We currently provide security updates for the following versions of CUERVO platform components:
| Component | Version | Supported |
|---|---|---|
| Core Services | 1.x.x | ✅ |
| Agent Service | 1.x.x | ✅ |
| Execution Service | 1.x.x | ✅ |
| Metrics Service | 1.x.x | ✅ |
| Admin Dashboard | 1.x.x | ✅ |
We take the security of CUERVO platform seriously. If you discover a security vulnerability, please follow these steps:
Please do not report security vulnerabilities through public GitHub issues, discussions, or pull requests.
Send a detailed report to our security team:
- Email: security@cuervo.cloud
- Subject: [SECURITY] Vulnerability Report - [Brief Description]
Please include as much of the following information as possible:
- Type of vulnerability (e.g., SQL injection, XSS, authentication bypass)
- Full paths of source file(s) related to the vulnerability
- Location of the affected source code (tag/branch/commit/direct URL)
- Special configuration required to reproduce the issue
- Step-by-step instructions to reproduce the issue
- Proof-of-concept or exploit code (if possible)

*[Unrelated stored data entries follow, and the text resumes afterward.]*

text \<open>Defects: minima of V_Q over (possibly degenerate) mesh rectangles having (a,b)
  as southwest, resp. northeast, corner.\<close>

definition defect_NE :: "(real \<Rightarrow> real \<Rightarrow> real) \<Rightarrow> real \<Rightarrow> real \<Rightarrow> real" where
  "defect_NE Q a b = Min {Vol Q a s2 b t2 | s2 t2. s2 \<in> mesh \<and> t2 \<in> mesh \<and> a \<le> s2 \<and> b \<le> t2}"

definition defect_SW :: "(real \<Rightarrow> real \<Rightarrow> real) \<Rightarrow> real \<Rightarrow> real \<Rightarrow> real" where
  "defect_SW Q a b = Min {Vol Q s1 a t1 b | s1 t1. s1 \<in> mesh \<and> t1 \<in> mesh \<and> s1 \<le> a \<and> t1 \<le> b}"

definition defect_M :: "(real \<Rightarrow> real \<Rightarrow> real) \<Rightarrow> real \<Rightarrow> real \<Rightarrow> real" where
  "defect_M Q a b = min (defect_NE Q a b) (defect_SW Q a b)"

definition Q_M :: "(real \<Rightarrow> real \<Rightarrow> real) \<Rightarrow> real \<Rightarrow> real \<Rightarrow> real" where
  "Q_M Q a b = Q a b - defect_M Q a b"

- Impact of the issue, including how an attacker might exploit it
- Initial Response: Within 48 hours of report submission
- Status Update: Within 7 days with preliminary assessment
- Resolution: Timeline depends on severity and complexity
- Enable two-factor authentication on your GitHub account
- Use signed commits when contributing
- Never commit secrets, API keys, or credentials
- Follow secure coding practices
- Run security scans before submitting pull requests
- Keep all CUERVO components updated to the latest versions
- Use strong authentication methods
- Regularly review access logs
- Follow the principle of least privilege
- Implement proper network security measures
CUERVO platform includes built-in security features:
- Authentication: JWT-based authentication with refresh tokens
- Authorization: Role-based access control (RBAC)
- Data Protection: Encryption at rest and in transit
- Audit Logging: Comprehensive activity tracking
- Input Validation: Protection against injection attacks
- Rate Limiting: Protection against abuse
Security updates are distributed through:
- GitHub Security Advisories
- Release notes
- Email notifications to registered users
For security-related questions or concerns:
- Security Team: security@cuervo.cloud
- General Contact: hola@cuervo.cloud
We appreciate the security research community's efforts in responsibly disclosing vulnerabilities. Contributors who report valid security issues will be acknowledged in our security advisories (unless they prefer to remain anonymous).